Опять женщина восточной наружности! Но он поймал ее взгляд...
Значит...
Значит, опасения не напрасны...
Виктор Егорович неторопливо движется в сторону недалекого магазина, где директором работает его соседка Людмила Николаевна. И слышит далеко за спиной попискивание набираемого номера на трубке сотового телефона. Даже затылком Алданов легко определяет направление. Это набирает номер та самая женщина восточной наружности.
Хочется обернуться, очень хочется обернуться и посмотреть этой женщине в красивые глаза. У восточных женщин всегда красивые глаза. В молодости Виктор Егорович по наивности думал, что они специально закрывают платком лицо, чтобы были видны только глаза, потому что лицо большей частью бывает некрасивым. Но обернуться – значит показать свое понимание ситуации...
И он идет, слегка напрягаясь, чтобы сдержать порыв...
2
– Он идет... – шепчет Талхид, второй саудовец.
– Вижу, вижу... – Голос Талгата слегка подрагивает, и тонкие длинные пальцы нервно перебирают клапан кобуры, словно он собирается оружие достать, хотя это вовсе и не входит в его намерения. Это от волнения. Что принесет эта встреча? Он привык в своей взрослой жизни, чтобы с ним считались, потому что всегда сам на себя берет ответственность за свои удачные или неудачные действия. Так было и во времена службы в армии, так было и потом, когда после лечения он вернулся к нормальной жизни. Все всегда просто чувствовали его характер и всегда считались с его мнением. А сейчас он должен встретиться с человеком, у которого нет причин считаться с ним, но сам он со стариком очень даже считается с самого детства. Больше чем с кем бы то ни было другим в своей жизни. И даже тогда, когда только оценивал свои поступки, мысленно представлял, как может их оценить старый Алимхан. Это всегда помогало не быть подлецом, когда подлость была, казалось, единственным путем к достижению цели. Помогало даже в ущерб собственным интересам, но и это же одновременно давало право уважать себя. Очень важно для каждого человека иметь перед собой такой авторитет, с которым считаешься даже тогда, когда он о тебе вовсе и не помнит. Наверняка не помнит, потому что мальчишек было много, а Алимхан один. Но это и не столь важно. Важно иметь перед собой этот авторитет и мысленно с ним советоваться...
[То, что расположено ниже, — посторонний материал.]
lemma proper_2_coloring_add_path:
  assumes col0: "proper_2_coloring ends F0 col0"
    and d: "x1 \<noteq> m" "m \<noteq> x2" "x1 \<noteq> x2"
    and f1: "ends f1 = {x1, m}" and f2: "ends f2 = {m, x2}"
    and "f1 \<notin> F0" "f2 \<notin> F0"
    and at1: "\<And>e. e \<in> F0 \<Longrightarrow> x1 \<in> ends e \<Longrightarrow> e = g1"
    and at2: "\<And>e. e \<in> F0 \<Longrightarrow> x2 \<in> ends e \<Longrightarrow> e = g2"
    and atm: "\<And>e. e \<in> F0 \<Longrightarrow> m \<notin> ends e"
    and g12: "g1 \<in> F0 \<Longrightarrow> g2 \<in> F0 \<Longrightarrow> col0 g1 \<noteq> col0 g2"
  shows "\<exists>col. proper_2_coloring ends (F0 \<union> {f1, f2}) col"
proof -
  define \<kappa> where "\<kappa> = (if g1 \<in> F0 then 1 - col0 g1 else if g2 \<in> F0 then col0 g2 else 0)"
  define col where "col = col0(f1 := \<kappa>, f2 := 1 - \<kappa>)"
  have f12: "f1 \<noteq> f2" using f1 f2 d by (auto simp: doubleton_eq_iff)
  have \<kappa>: "\<kappa> < 2" unfolding \<kappa>_def using proper_2_coloring_less[OF col0] by auto
  have col_f: "col f1 = \<kappa>" "col f2 = 1 - \<kappa>" using f12 unfolding col_def by auto
  have col_F0: "\<And>e. e \<in> F0 \<Longrightarrow> col e = col0 e" using \<open>f1 \<notin> F0\<close> \<open>f2 \<notin> F0\<close> unfolding col_def by auto
  have g1: "g1 \<in> F0 \<Longrightarrow> col0 g1 \<noteq> \<kappa>"
    unfolding \<kappa>_def using proper_2_coloring_less[OF col0] by (auto; arith)
  have g2: "g2 \<in> F0 \<Longrightarrow> col0 g2 \<noteq> 1 - \<kappa>"
    unfolding \<kappa>_def using proper_2_coloring_less[OF col0, of g1] proper_2_coloring_less[OF col0, of g2] g12
    by (auto; arith)
  have new_old: "col f \<noteq> col e"
    if f: "f \<in> {f1, f2}" and e: "e \<in> F0" and x: "x \<in> ends f" "x \<in> ends e" for f e x
  proof -
    have "x \<noteq> m" using atm e x by auto
    then consider "f = f1" "x = x1" | "f = f2" "x = x2" using f x f1 f2 by auto
    thus ?thesis
    proof cases
      case 1
      hence "e = g1" using at1[OF e] x by simp
      thus ?thesis using 1 e g1 col_f col_F0 by simp
    next
      case 2
      hence "e = g2" using at2[OF e] x by simp
      thus ?thesis using 2 e g2 col_f col_F0 by simp
    qed
  qed
  have "proper_2_coloring ends (F0 \<union> {f1, f2}) col"
  proof (rule proper_2_coloringI)
    fix e assume "e \<in> F0 \<union> {f1, f2}"
    thus "col e < 2" using proper_2_coloring_less[OF col0] \<kappa> col_f col_F0 by auto
  next
    fix x e1 e2 assume e: "e1 \<in> F0 \<union> {f1, f2}" "e2 \<in> F0 \<union> {f1, f2}" "e1 \<noteq> e2"
      "x \<in> ends e1" "x \<in> ends e2"
    consider "e1 \<in> F0" "e2 \<in> F0" | "e1 \<in> {f1, f2}" "e2 \<in> {f1, f2}"
      | "e1 \<in> {f1, f2}" "e2 \<in> F0" | "e1 \<in> F0" "e2 \<in> {f1, f2}"
      using e(1,2) by blast
    thus "col e1 \<noteq> col e2"
    proof cases
      case 1
      thus ?thesis using proper_2_coloring_neq[OF col0 _ _ e(3-5)] col_F0 by simp
    next
      case 2
      hence "e1 = f1 \<and> e2 = f2 \<or> e1 = f2 \<and> e2 = f1" using e(3) by blast
      moreover have "\<kappa> \<noteq> 1 - \<kappa>" using \<kappa> by arith
      ultimately show ?thesis using col_f by (elim disjE) simp_all
    next
      case 3
      thus ?thesis using new_old e(4,5) by blast
    next
      case 4
      thus ?thesis using new_old[of e2 e1 x] e(4,5) by simp
    qed
  qed
  thus ?thesis by blast
qed
(* Let $\lambda\ge L_\varphi^2$. Then $\sum_{k=1}^{K_T}\sum_{t=t_k}^{t_{k+1}-1}B^{2,t_k}_{s_t,a_t}\le\frac{12d}{\kappa}\beta_T^2\log\big(1+\frac{T\mathcal UL_\varphi^2}{\lambda d}\big)$.
   Context: Setting: MNL model with finite $\mathcal S,\mathcal A$, reachable sets $\mathcal S_{s,a}$, $\mathcal U=\max|\mathcal S_{s,a}|$, features $\varphi\in\mathbb R^d$, $p(s'\mid s,a,\theta)=\exp(\varphi(s,a,s')^\top\theta)/\sum_{s''\in\mathcal S_{s,a}}\exp(\varphi(s,a,s'')^\top\theta)$; assumptions (A1) $\|\varphi\|_2\le L_\varphi$, $\|\theta^*\|_2\le L_\theta$, $\Theta=\{\|\theta\|_2\le L_\theta\}$; (A2) $\inf_{\theta\in\Theta}p(s'\mid s_t,a_t,\theta)p(s''\mid s_t,a_t,\theta)\ge\kappa\in(0,1)$ for all $t$, $s',s''\in\mathcal S_{s_t,a_t}$; (A3) each $\mathcal S_{s,a}$ has $s'$ with $\varphi(s,a,s')=0$. Trajectory and episodes from \texttt{UCMNLK}: online estimator with $\Sigma_1=\lambda I_d$, $\Sigma_{t+1}=\Sigma_t+\nabla^2\ell_t(\widehat\theta_{t+1})$ ($\ell_t$ the multinomial log-loss of step $t$, $\widehat\theta_{t+1}\in\Theta$); episodes $k=1..K_T$ start at $t_k$ ($t_{K_T+1}=T+1$), a new one starting when $\det\Sigma_t>2\det\Sigma_{t_k}$. $\beta_t>0$ is nondecreasing in $t$, and $B^{2,t}_{s,a}=3\beta_t^2\max_{s'\in\mathcal S_{s,a}}\|\varphi(s,a,s')\|^2_{\Sigma_t^{-1}}$. *)

theory Defs
  imports "HOL-Analysis.Analysis"
begin

definition outer :: "real^'d \<Rightarrow> real^'d \<Rightarrow> real^'d^'d" where
  "outer x y = (\<chi> i j. x $ i * y $ j)"

text \<open>MNL transition probability p(s' | s,a,theta); here phi = varphi(s,a,.) and S = S_{s,a}.\<close>
definition mnl_prob :: "('s \<Rightarrow> real^'d) \<Rightarrow> 's set \<Rightarrow> real^'d \<Rightarrow> 's \<Rightarrow> real" where
  "mnl_prob phi S \<theta> s' = exp (phi s' \<bullet> \<theta>) / (\<Sum>s''\<in>S. exp (phi s'' \<bullet> \<theta>))"

text \<open>Hessian (w.r.t. theta) of the multinomial log-loss of one step, in closed form:
  sum_s' p(s') phi(s') phi(s')^T - (sum_s' p(s') phi(s')) (sum_s' p(s') phi(s'))^T.
  It does not depend on the observed next state.\<close>
definition mnl_hess :: "('s \<Rightarrow> real^'d) \<Rightarrow> 's set \<Rightarrow> real^'d \<Rightarrow> real^'d^'d" where
  "mnl_hess phi S \<theta> =
     (let m = (\<Sum>s'\<in>S. mnl_prob phi S \<theta> s' *\<^sub>R phi s')
      in (\<Sum>s'\<in>S. mnl_prob phi S \<theta> s' *\<^sub>R outer (phi s') (phi s')) - outer m m)"

definition wnorm_sq_inv :: "real^'d^'d \<Rightarrow> real^'d \<Rightarrow> real" where
  "wnorm_sq_inv M x = x \<bullet> (matrix_inv M *v x)"

definition mnl_U :: "('s::finite \<Rightarrow> 'a::finite \<Rightarrow> 's set) \<Rightarrow> nat" where
  "mnl_U Ssa = Max ((\<lambda>p. card (Ssa (fst p) (snd p))) ` UNIV)"

definition Bsq :: "(nat \<Rightarrow> real) \<Rightarrow> (nat \<Rightarrow> real^'d^'d) \<Rightarrow> ('s \<Rightarrow> 'a \<Rightarrow> 's \<Rightarrow> real^'d)
                   \<Rightarrow> ('s \<Rightarrow> 'a \<Rightarrow> 's set) \<Rightarrow> nat \<Rightarrow> 's \<Rightarrow> 'a \<Rightarrow> real" where
  "Bsq \<beta> \<Sigma> \<phi> Ssa t s a =
     3 * (\<beta> t)\<^sup>2 * Max ((\<lambda>s'. wnorm_sq_inv (\<Sigma> t) (\<phi> s a s')) ` Ssa s a)"

end

theory Submission
  imports Defs
begin

text \<open>Each \<open>\<Sigma>_t\<close> arises from \<open>\<lambda> I\<close> by adding MNL Hessians, and every MNL Hessian is a nonnegative
  combination of rank-one matrices \<open>v v^T\<close> (differences of two features). Along rank-one updates,
  the matrix determinant lemma and Sherman--Morrison show that \<open>det\<close> grows and that the weighted
  norm \<open>x^T \<Sigma>^-1 x\<close> shrinks at most by the factor by which \<open>det\<close> grows. Since every reachable set
  contains a state of zero feature, the Hessian of step \<open>t\<close> dominates \<open>\<kappa> \<phi>_j \<phi>_j^T\<close>; as the
  weighted norms are at most 1, this gives
  \<open>\<kappa> \<phi>_j^T \<Sigma>_t^-1 \<phi>_j \<le> 2 (ln det \<Sigma>_(t+1) - ln det \<Sigma>_t)\<close>.
  Within an episode \<open>det\<close> at most doubles, so a bonus computed at the start of the episode is at
  most twice the current one. The sum thus telescopes to \<open>ln det \<Sigma>_(T+1) - ln det \<Sigma>_1\<close>, which
  Hadamard's inequality and AM--GM on the diagonal bound by \<open>d ln (1 + T L^2 / (\<lambda> d))\<close>.\<close>

section \<open>Inverses and outer products\<close>

lemma matrix_mul_matrix_inv:
  fixes A :: "real^'n^'n"
  assumes "det A \<noteq> 0"
  shows "A ** matrix_inv A = mat 1" "matrix_inv A ** A = mat 1"
proof -
  have "\<exists>A'. A ** A' = mat 1 \<and> A' ** A = mat 1"
    using assms invertible_det_nz unfolding invertible_def by blast
  then have "A ** matrix_inv A = mat 1 \<and> matrix_inv A ** A = mat 1"
    unfolding matrix_inv_def by (rule someI_ex)
  then show "A ** matrix_inv A = mat 1" "matrix_inv A ** A = mat 1" by auto
qed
Талгат медленно поднимается. Всматривается в дорогу и делает шаг в сторону тропы, чтобы спуститься загодя. Пусть старый Алимхан увидит его издалека. Он, конечно же, не испугается, нет... Не тот человек Алимхан, чтобы испугаться чужого военного в своих горах. А что его примут за чужого, Талгат не сомневается – трудно узнать в бородатом и абсолютно седом сорокашестилетнем мужчине того мальчишку, что когда-то слушал Алимхана раскрыв рот.
– Мы ждем здесь... – напоминает Фатых.
– Ждите... Подойдете, если позову. Кто-то один. Телефон принесете... – роняет Талгат слова не оборачиваясь.
Тропа крута, но он не смотрит под ноги. Горец, выросший в здешних местах, может позволить себе спускаться по тропе так вот, словно вслепую. Он никогда не споткнется, даже если с закрытыми глазами будет спускаться – в самом деле вслепую, и даже бегом. Это в крови...
Шаг, еще шаг... Неторопливо... А взгляд не отрывается от дороги, по которой степенно, хотя и несколько неуклюже, с чувством возраста, переставляет ноги Алимхан. Когда-то у Алимхана была упругая, быстрая и сильная походка, хотя уже тогда его борода была почти белой. Сейчас эта походка значительно изменилась. Может быть, и сам Алимхан изменился и уже нет смысла в этом разговоре? Может быть, следует просто делать свое дело, забыв про уважение к старику?
Нет... Уважение не может быть былым... Уважение не может просто так пройти и испариться...
Шаг... Еще шаг... Талгат понимает, что старческие глаза заметили его. Их взгляды издалека встречаются. Так издалека, что невозможно еще разобрать выражение лица. Взгляд как магнит... Он притягивает к себе противостоящий взгляд... И не видишь еще его, но ощущаешь...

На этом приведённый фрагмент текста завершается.